Шпион Темучина - Посняков Андрей страница 5.

Шрифт
Фон

Стоял та чудеснейшая пора – самое начало лета, – когда долины и сопки расцветают после зимней спячки, покрываясь густой высокой травою и сверкающим многоцветьем. Синие колокольчики, небесно-голубые васильки, трехцветные, желто-бело-фиолетовые фиалки, сладко-розовые копны клевера, пурпурный иван-чай, ромашки, одуванчики, незабудки, покрытые бело-розовыми цветками кусты шиповника, и, конечно, маки… Баурджин специально сделал крюк, проехав по склону сопки – полюбоваться. Вот еще бы домик добавить на горизонте у леса, да женщину с зонтиком – и точно, Клод Моне – "Дикие маки"! Все похоже – и яркие цветы в густо-зеленой траве, и редколесье на горизонте, вот только небо… У Моне – облачное, с небольшими проблесками синевы, а здесь – насыщенно-голубое, чистое, прозрачное и высокое. Хорошее небо! И солнце…

Спешившись, Баурджин наклонился к цветам, понюхал. И краем глаза заметил какое-то движение на склоне холма. Выпрямился, приложив ладонь к глазам, увидев скачущего во весь опор всадника на белом коне. Точнее, всадницу в темно-голубом дээли с темно-каштановой гривой непослушных волос, развевающихся за плечами, словно боевое знамя. Дээли по-мужски охватывал пояс – хотя обычно женщины ходили неподпоясанные, – за спиной виднелся охотничий лук.

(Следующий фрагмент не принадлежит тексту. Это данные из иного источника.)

(* Let $x,y\in W_0^J$ and let $\sigma\in\mathbb{Q}$ with $0<\sigma<1$. Assume there is a directed $\sigma$-path $x=w_0\xleftarrow{\beta_1}w_1\xleftarrow{\beta_2}\cdots\xleftarrow{\beta_n}w_n=y$ from $y$ to $x$ in the parabolic quantum Bruhat graph. Then $\sigma(x\Lambda-y\Lambda)\in Q_0:=\bigoplus_{j\in I_0}\mathbb{Z}\alpha_j$.
   Context: Let $\Delta_0$ be the finite root system (simple roots $\alpha_j$, coroots $\alpha_j^\vee$, $j\in I_0$) of the finite-dimensional simple Lie algebra underlying an untwisted affine Lie algebra, with positive roots $\Delta_0^+$ and Weyl group $W_0$ generated by simple reflections $r_j$. Let $\lambda=\sum_{i\in I_0}m_i\varpi_i$ ($m_i\in\mathbb{Z}_{\ge0}$) be a level-zero dominant integral weight and $\Lambda$ its class modulo $\mathbb{C}\delta$, with $\langle\Lambda,\alpha_j^\vee\rangle=m_j$ and $W_0$ acting on it. Let $J=\{j\in I_0\mid m_j=0\}$, $W_J=\langle r_j\mid j\in J\rangle$, $\Delta_J^+=\Delta_0^+\cap\bigoplus_{j\in J}\mathbb{Z}\alpha_j$, $W_0^J$ the minimal-length representatives of $W_0/W_J$, $\lfloor w\rfloor$ the representative of $wW_J$, $\ell$ the length, $\rho$, $\rho_J$ the half-sums of positive roots of $\Delta_0$, $\Delta_J$. The parabolic quantum Bruhat graph has vertices $W_0^J$ and an edge $\lfloor wr_\beta\rfloor\xleftarrow{\beta}w$ for $w\in W_0^J$, $\beta\in\Delta_0^+\setminus\Delta_J^+$ whenever $\ell(\lfloor wr_\beta\rfloor)=\ell(w)+1$ or $\ell(\lfloor wr_\beta\rfloor)=\ell(w)-2\langle\rho-\rho_J,\beta^\vee\rangle+1$. A directed path from $y$ to $x$ is a chain of edges $x=w_0\xleftarrow{\beta_1}w_1\xleftarrow{}\cdots\xleftarrow{\beta_n}w_n=y$; it is a directed $\sigma$-path if $\sigma\langle\Lambda,\beta_k^\vee\rangle\in\mathbb{Z}$ for all $1\le k\le n$. *)

theory Defs
  imports "HOL-Analysis.Analysis"
begin

definition coroot :: "'a::euclidean_space \<Rightarrow> 'a" where
  "coroot b = (2 / (b \<bullet> b)) *\<^sub>R b"

definition pair :: "'a::euclidean_space \<Rightarrow> 'a \<Rightarrow> real" where
  "pair v b = v \<bullet> coroot b"

definition refl :: "'a::euclidean_space \<Rightarrow> 'a \<Rightarrow> 'a" where
  "refl b v = v - pair v b *\<^sub>R b"

definition root_system :: "'a::euclidean_space set \<Rightarrow> bool" where
  "root_system R \<longleftrightarrow> finite R \<and> 0 \<notin> R \<and> span R = UNIV
     \<and> (\<forall>a\<in>R. \<forall>b\<in>R. refl a b \<in> R \<and> pair b a \<in> \<int>)
     \<and> (\<forall>a\<in>R. \<forall>c. c *\<^sub>R a \<in> R \<longrightarrow> c = 1 \<or> c = -1)"

definition irreducible_rs :: "'a::euclidean_space set \<Rightarrow> bool" where
  "irreducible_rs R \<longleftrightarrow> \<not> (\<exists>A B. A \<union> B = R \<and> A \<inter> B = {} \<and> A \<noteq> {} \<and> B \<noteq> {}
      \<and> (\<forall>a\<in>A. \<forall>b\<in>B. a \<bullet> b = 0))"

definition int_comb :: "'a::euclidean_space set \<Rightarrow> 'a \<Rightarrow> (int \<Rightarrow> bool) \<Rightarrow> bool" where
  "int_comb X v P \<longleftrightarrow> (\<exists>c :: 'a \<Rightarrow> int. v = (\<Sum>s\<in>X. of_int (c s) *\<^sub>R s) \<and> (\<forall>s\<in>X. P (c s)))"

definition root_lattice :: "'a::euclidean_space set \<Rightarrow> 'a set" where
  "root_lattice S = {v. int_comb S v (\<lambda>_. True)}"

definition simple_system :: "'a::euclidean_space set \<Rightarrow> 'a set \<Rightarrow> bool" where
  "simple_system R S \<longleftrightarrow> S \<subseteq> R \<and> independent S
     \<and> (\<forall>b\<in>R. int_comb S b (\<lambda>n. n \<ge> 0) \<or> int_comb S b (\<lambda>n. n \<le> 0))"

definition pos_roots :: "'a::euclidean_space set \<Rightarrow> 'a set \<Rightarrow> 'a set" where
  "pos_roots R S = {b\<in>R. int_comb S b (\<lambda>n. n \<ge> 0)}"

definition pos_roots_J :: "'a::euclidean_space set \<Rightarrow> 'a set \<Rightarrow> 'a set \<Rightarrow> 'a set" where
  "pos_roots_J R S J = {b\<in>pos_roots R S. int_comb J b (\<lambda>_. True)}"

definition rho :: "'a::euclidean_space set \<Rightarrow> 'a" where
  "rho X = (1/2) *\<^sub>R (\<Sum>b\<in>X. b)"

definition word_fun :: "'a::euclidean_space list \<Rightarrow> 'a \<Rightarrow> 'a" where
  "word_fun ws = foldr (\<lambda>s f. refl s \<circ> f) ws id"

definition weyl :: "'a::euclidean_space set \<Rightarrow> ('a \<Rightarrow> 'a) set" where
  "weyl S = {word_fun ws | ws. set ws \<subseteq> S}"

definition wlen :: "'a::euclidean_space set \<Rightarrow> ('a \<Rightarrow> 'a) \<Rightarrow> nat" where
  "wlen S w = (LEAST n. \<exists>ws. set ws \<subseteq> S \<and> length ws = n \<and> word_fun ws = w)"

definition minreps :: "'a::euclidean_space set \<Rightarrow> 'a set \<Rightarrow> ('a \<Rightarrow> 'a) set" where
  "minreps S J = {w \<in> weyl S. \<forall>u\<in>weyl J. wlen S w \<le> wlen S (w \<circ> u)}"

definition floorJ :: "'a::euclidean_space set \<Rightarrow> 'a set \<Rightarrow> ('a \<Rightarrow> 'a) \<Rightarrow> ('a \<Rightarrow> 'a)" where
  "floorJ S J w = (THE u. u \<in> minreps S J \<and> u \<in> (\<lambda>v. w \<circ> v) ` weyl J)"

text \<open>Edge  u <--beta-- w  of the parabolic quantum Bruhat graph.\<close>
definition qbg_edge :: "'a::euclidean_space set \<Rightarrow> 'a set \<Rightarrow> 'a set \<Rightarrow>
    ('a \<Rightarrow> 'a) \<Rightarrow> 'a \<Rightarrow> ('a \<Rightarrow> 'a) \<Rightarrow> bool" where
  "qbg_edge R S J u b w \<longleftrightarrow> w \<in> minreps S J \<and> b \<in> pos_roots R S - pos_roots_J R S J
     \<and> u = floorJ S J (w \<circ> refl b)
     \<and> (wlen S u = wlen S w + 1
        \<or> real (wlen S u) = real (wlen S w)
             - 2 * pair (rho (pos_roots R S) - rho (pos_roots_J R S J)) b + 1)"

text \<open>Directed path x = ws!0 <--bs!0-- ws!1 <-- ... <--bs!(n-1)-- ws!n = y.\<close>
definition qbg_path :: "'a::euclidean_space set \<Rightarrow> 'a set \<Rightarrow> 'a set \<Rightarrow>
    ('a \<Rightarrow> 'a) list \<Rightarrow> 'a list \<Rightarrow> bool" where
  "qbg_path R S J ws bs \<longleftrightarrow> length ws = Suc (length bs)
     \<and> (\<forall>k < length bs. qbg_edge R S J (ws ! k) (bs ! k) (ws ! Suc k))"

end

theory Submission
  imports Defs
begin

text \<open>Along an edge  u <-beta- w  we have u = w r_beta v with v in W_J. Since Lambda is orthogonal
  to J, v fixes Lambda, so u Lambda - w Lambda = -<Lambda, beta^vee> w beta, and sigma times this
  is an integer multiple of the root w beta. Summing over the edges of the path gives the claim.

  The substance lies in u in w r_beta W_J: r_beta lies in W_0 because every positive root is
  W_0-conjugate to a simple root, and the minimal representative of a coset w W_J is unique,
  because a minimal representative maps the positive roots of J to positive roots.\<close>

lemma pair_eq: "pair v b = 2 * (v \<bullet> b) / (b \<bullet> b)"
  unfolding pair_def coroot_def by simp

lemma refl_eq: "refl b v = v - (2 * (v \<bullet> b) / (b \<bullet> b)) *\<^sub>R b"
  unfolding refl_def pair_eq by (simp add: inner_commute)

lemma linear_refl: "linear (refl b)"
  unfolding refl_eq
  by (rule linearI) (auto simp: inner_add_left algebra_simps add_divide_distrib diff_divide_distrib)

lemma inner_refl_refl: "refl b x \<bullet> refl b y = x \<bullet> y"
  by (cases "b \<bullet> b = 0")
     (simp_all add: refl_eq inner_diff_left inner_diff_right field_simps inner_commute power2_eq_square)

lemma refl_refl [simp]: "refl b (refl b x) = x"
proof (cases "b \<bullet> b = 0")
  case True
  then show ?thesis by (simp add: refl_eq)
next
  case False
  then have "pair (refl b x) b = - pair x b"
    by (simp add: refl_def pair_eq inner_diff_left field_simps)
  then show ?thesis by (simp add: refl_def)
qed

lemma refl_self: "b \<noteq> 0 \<Longrightarrow> refl b b = - b"
  by (simp add: refl_eq scaleR_2)

lemma word_fun_Nil [simp]: "word_fun [] = id"
  by (simp add: word_fun_def)

lemma word_fun_Cons [simp]: "word_fun (a # ws) = refl a \<circ> word_fun ws"
  by (simp add: word_fun_def)

lemma word_fun_append: "word_fun (xs @ ys) = word_fun xs \<circ> word_fun ys"
  by (induction xs) auto

lemma linear_word_fun: "linear (word_fun ws)"
proof (induction ws)
  case Nil
  then show ?case using linear_id by (simp add: id_def)
next
  case (Cons a ws)
  then show ?case using linear_compose[OF Cons linear_refl] by (simp add: o_def)
qed

lemma inner_word_fun: "word_fun ws x \<bullet> word_fun ws y = x \<bullet> y"
  by (induction ws arbitrary: x y) (auto simp: inner_refl_refl)

lemma refl_word_fun: "refl (word_fun ws a) (word_fun ws x) = word_fun ws (refl a x)"
  by (simp add: refl_def pair_eq inner_word_fun linear_diff[OF linear_word_fun] linear_scale[OF linear_word_fun])

lemma word_fun_rev_cancel [simp]: "word_fun ws (word_fun (rev ws) x) = x"
  by (induction ws arbitrary: x) (auto simp: word_fun_append)

lemma word_fun_in_weyl: "set ws \<subseteq> X \<Longrightarrow> word_fun ws \<in> weyl X"
  unfolding weyl_def by blast

lemma id_in_weyl: "id \<in> weyl X"
  using word_fun_in_weyl[of "[]"] by simp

Баурджин улыбнулся, узнав жену. Другой бы на его месте забеспокоился – с чего бы ей так нестись, может, случилось что? – однако молодой нойон прекрасно знал, как любит скорость его женушка ничуть не меньше, чем любой воин.

– Хэй, Джэгэль! – улыбаясь, Баурджин помахал рукой.

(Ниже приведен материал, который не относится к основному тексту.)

lemma gap_transfer_nonempty:
  assumes "S \<subseteq> {1..n}" "S \<noteq> {}"
  shows "gap_transfer c S n l l' =
    (if l' = odd (n - Max S)
     then monom ((- c) ^ (n - card S)) (odd_inner_gaps S + of_bool (l = odd (Min S - 1))) else 0)"
  using assms
proof (induction n arbitrary: S l')
  case 0
  then show ?case by auto
next
  case (Suc n)
  have fin: "finite S" using Suc.prems finite_subset by blast
  show ?case
  proof (cases "Suc n \<in> S")
    case False
    then have sub: "S \<subseteq> {1..n}" using Suc.prems by (auto simp: le_Suc_eq)
    then have "Max S \<le> n" "card S \<le> n"
      using Suc.prems(2) fin card_mono[OF _ sub] by (auto simp: Max_le_iff)
    then have diffs: "Suc n - Max S = Suc (n - Max S)" "Suc n - card S = Suc (n - card S)"
      by auto
    have step: "(if (\<not> l') = odd d then monom ((- c) ^ m) x else 0) * [:- c:]
        = (if l' = odd (Suc d) then monom ((- c) ^ Suc m) x else 0)" for d m x
      by (cases l') (simp_all add: smult_monom minus_monom)
    have "gap_transfer c S (Suc n) l l' = gap_transfer c S n l (\<not> l') * [:- c:]"
      using False by (simp add: bool_mat_prod_Suc_gap_step_False del: bool_mat_prod.simps(2))
    then show ?thesis
      unfolding Suc.IH[OF sub Suc.prems(2)] diffs step .
  next
    case True
    define S' where "S' = S - {Suc n}"
    have sub: "S' \<subseteq> {1..n}" using Suc.prems by (auto simp: S'_def le_Suc_eq)
    have S: "S = insert (Suc n) S'" using True by (auto simp: S'_def)
    have transfer_S': "gap_transfer c S n = gap_transfer c S' n"
      by (rule bool_mat_prod_cong) (auto simp: S'_def)
    show ?thesis
    proof (cases "S' = {}")
      case True
      then show ?thesis
        using S transfer_S' gap_transfer_empty[of c n l]
        by (cases l; cases "odd n")
          (auto simp: bool_mat_prod_Suc_gap_step_True monom_Suc monom_0 odd_inner_gaps_def
            simp del: bool_mat_prod.simps(2))
    next
      case False
      have fin': "finite S'" using sub finite_subset by blast
      have lt: "\<forall>y\<in>S'. y < Suc n" using sub by auto
      then have "Max S' \<le> n" "Max S = Suc n" "Min S = Min S'" "card S = Suc (card S')"
        using False fin' Min_in[OF fin' False] by (auto simp: S)
      moreover have "odd_inner_gaps S = odd_inner_gaps S' + of_bool (odd (Suc n - Max S'))"
        unfolding S by (rule odd_inner_gaps_insert_greater[OF fin' False lt])
      ultimately show ?thesis
        using Suc.IH[OF sub False] transfer_S' True
        by (auto simp: bool_mat_prod_Suc_gap_step_True Suc_diff_le monom_Suc
            simp del: bool_mat_prod.simps(2))
    qed
  qed
qed

lemma trace_gap_transfer:
  assumes "S \<subseteq> {1..k}" "S \<noteq> {}"
  shows "gap_transfer c S k False False + gap_transfer c S k True True = monom ((- c) ^ (k - card S)) (odd_gaps k S)"
proof -
  have fin: "finite S" using assms finite_subset by blast
  have "Max S \<le> k" "Min S \<ge> 1" "Min S \<le> Max S"
    using assms fin by (auto simp: Max_le_iff Min_le_iff)
  then have "(odd (k - Max S) = odd (Min S - 1)) = odd (k + Min S - Max S)"
    by (auto simp: le_iff_add)
  then show ?thesis
    unfolding gap_transfer_nonempty[OF assms] odd_gaps_eq[OF fin assms(2)]
    by (cases "odd (k - Max S)") auto
qed

lemma dickson_poly_odd_gaps:
  fixes c :: "'a::comm_ring_1"
  shows "dickson_poly (c * (1 - c)) k
    = [:of_bool (even k) * 2 * c ^ k:] + (\<Sum>S\<in>Pow {1..k} - {{}}. monom ((- c) ^ (k - card S)) (odd_gaps k S))"
proof -
  let ?T = "\<lambda>l l'. gap_step c False l l' + gap_step c True l l'"
  let ?trace = "\<lambda>S. gap_transfer c S k False False + gap_transfer c S k True True"
  have "?T False False + ?T True True = [:0, 1:]"
    "?T False False * ?T True True - ?T False True * ?T True False = [:c * (1 - c):]"
    by (simp_all add: gap_step_def algebra_simps)
  then have "dickson_poly (c * (1 - c)) k
      = bool_mat_prod (\<lambda>_. ?T) k False False + bool_mat_prod (\<lambda>_. ?T) k True True"
    using trace_bool_mat_prod_const[of ?T k] by simp
  also have "\<dots> = (\<Sum>S\<in>Pow {1..k}. ?trace S)"
    by (simp only: sum.distrib sum_Pow_bool_mat_prod[where F = "\<lambda>_. gap_step c"])
  also have "\<dots> = ?trace {} + (\<Sum>S\<in>Pow {1..k} - {{}}. ?trace S)"
    by (rule sum.remove) auto
  also have "?trace {} = [:of_bool (even k) * 2 * c ^ k:]"
    using gap_transfer_empty[of c k] by (simp add: numeral_poly mult.commute)
  also have "(\<Sum>S\<in>Pow {1..k} - {{}}. ?trace S)
      = (\<Sum>S\<in>Pow {1..k} - {{}}. monom ((- c) ^ (k - card S)) (odd_gaps k S))"
    by (rule sum.cong) (auto simp: trace_gap_transfer)
  finally show ?thesis .
qed

lemma sum_qpoly_at_1:
  fixes c :: "'a::comm_ring_1"
  assumes "k \<ge> 1" "i < k"
  shows "(\<Sum>j=1..k-1. (- c) ^ (k - j) * qpoly k j i 1)
    = coeff (dickson_poly (c * (1 - c)) k) i - of_bool (i = 0 \<and> even k) * 2 * c ^ k"
proof -
  let ?P = "Pow {1..k} - {{}}" and ?sets = "\<lambda>j. {S. S \<subseteq> {1..k} \<and> card S = j}"
  let ?f = "\<lambda>S. of_bool (odd_gaps k S = i) * (- c) ^ (k - card S)"
  have "coeff (dickson_poly (c * (1 - c)) k) i = of_bool (i = 0 \<and> even k) * 2 * c ^ k + (\<Sum>S\<in>?P. ?f S)"
    by (simp add: dickson_poly_odd_gaps coeff_sum coeff_monom coeff_pCons sum.inter_restrict split: nat.split)
  also have "(\<Sum>S\<in>?P. ?f S) = (\<Sum>j\<in>{1..k}. \<Sum>S\<in>{S\<in>?P. card S = j}. ?f S)"
  proof (rule sum.group[symmetric])
    have "card S \<le> k" if "S \<subseteq> {1..k}" for S
      using card_mono[OF _ that] by simp
    moreover have "finite S" if "S \<subseteq> {1..k}" for S
      using that finite_subset by blast
    ultimately show "card ` ?P \<subseteq> {1..k}"
      by (auto simp: Suc_le_eq card_gt_0_iff)
  qed auto
  also have "\<dots> = (\<Sum>j\<in>{1..k}. (- c) ^ (k - j) * qpoly k j i 1)"
  proof (rule sum.cong[OF refl])
    fix j assume "j \<in> {1..k}"
    then have "{S\<in>?P. card S = j} = ?sets j" by auto
    then show "(\<Sum>S\<in>{S\<in>?P. card S = j}. ?f S) = (- c) ^ (k - j) * qpoly k j i 1"
      using \<open>j \<in> {1..k}\<close> by (simp add: qpoly_at_1 sum.inter_filter[symmetric] mult.commute Int_def)
  qed
  also have "\<dots> = (\<Sum>j=1..k-1. (- c) ^ (k - j) * qpoly k j i 1)"
  proof -
    have "odd_gaps k S \<noteq> i" if "S \<subseteq> {1..k}" "card S = k" for S
    proof -
      have "S = {1..k}" using that by (intro card_subset_eq) auto
      then show ?thesis using assms odd_gaps_atLeastAtMost[of k] by simp
    qed
    then have none: "{S. S \<subseteq> {1..k} \<and> card S = k \<and> odd_gaps k S = i} = {}"
      by blast
    have "qpoly k k i (1::'a) = 0"
      unfolding qpoly_at_1[OF assms(1)] none by simp
    moreover have "{1..k} = insert k {1..k-1}" using assms by auto
    ultimately show ?thesis by (simp add: sum.insert_if)
  qed
  finally show ?thesis by simp
qed

section \<open>The recursion for Delta\<close>

lemma unitriangular_system_unique:
  fixes w :: "nat \<Rightarrow> nat \<Rightarrow> 'a::comm_ring_1"
  assumes diag: "\<And>k. k \<ge> 1 \<Longrightarrow> w k k = 1"
    and x: "\<And>k. k \<ge> 1 \<Longrightarrow> (\<Sum>a\<le>k. w k a * x a) = r k"
    and y: "\<And>k. k \<ge> 1 \<Longrightarrow> (\<Sum>a\<le>k. w k a * y a) = r k"
    and "x 0 = y 0"
  shows "x k = y k"
proof (induction k rule: less_induct)
  case (less k)
  show ?case
  proof (cases k)
    case (Suc m)
    then have "x k + (\<Sum>a<k. w k a * x a) = r k" "y k + (\<Sum>a<k. w k a * y a) = r k"
      using x[of k] y[of k] diag[of k] by (simp_all add: lessThan_Suc_atMost[symmetric] add.commute)
    moreover have "(\<Sum>a<k. w k a * x a) = (\<Sum>a<k. w k a * y a)"
      using less.IH by simp
    ultimately show ?thesis
      by (metis add_right_cancel)
  qed (simp add: assms(4))
qed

Осадив лошадь на полном скаку, Джэгель-Эхэ спрыгнула в траву:

– В нашем кочевье гости, муж мой!

– Гости?! Вот так радость! – Нойон крепко обнял жену и поцеловал в губы. – И кто же к нам пожаловал? Погоди, не говори – сам угадаю… Ммм… Кооршак вернулся с дальнего кочевья?

Джэгэль-Эхэ подбоченилась:

– Нет, не угадал!

– Тогда… Гамильдэ-Ичен!

– Гамильдэ? – Женщина хохотнула. – Какой же это гость? Это свой.

Баурджин задумчиво почесал затылок:

– Ну, тогда… Ха! Неужели – мой анда Кэзгерул Красный Пояс? Собрался-таки наконец нас навестить.

– Жаль, конечно, но это не он.

– А! Никак сам Боорчу-хан пожаловал – он давно грозился приехать на первую стрижку. А что, уже пора подстригать нашего Алтан Болда? Жаргал – точно еще не пора, мала слишком.

– Да и Алтан Болд еще не слишком взрослый для первой стрижки.

Алтан Болд…

Баурджин улыбнулся. Родившегося два с половиной года назад сынишку и впрямь рановато было еще подстригать, не говоря уже о годовалой дочке. И сыну, и дочери имена придумала Джэгэль-Эхэ, такой уж у них с Баурджином был уговор – первенцев она называет, а уж остальных – муж. Баурджин тогда махнул рукой, согласился. Дочку-то хорошо Джэгэль назвала – Жаргал – "Счастье", а вот сына… Алтан Болд – "Золотая сталь"! Во, имечко! Хорошо, не "Деревянный камень"! Вообще-то, Алтан – так звали одного дедушку Джэгэль-Эхэ, а Болд – другого. Ладно, пускай будет Алтан Болд. Зато следующего сына будут звать – Петр! Тоже в честь дедушки. А дочку – Татьяна. Как любимую жену… там…

– А может, и в самом деле, по осени подстричь Алтан Болда? Устроим праздник, повеселимся… – Баурджин мечтательно прикрыл глаза.

Первая стрижка волос у ребенка – всегда большое и радостное событие со множеством гостей, когда все поздравляют родителей, веселятся, поют веселые песни, да пью крепкую арьку. Да, Боорчу бы, кончено, не упустил бы такой случай – давно они уже с Баурджином не пьянствовали. Хорошо бы…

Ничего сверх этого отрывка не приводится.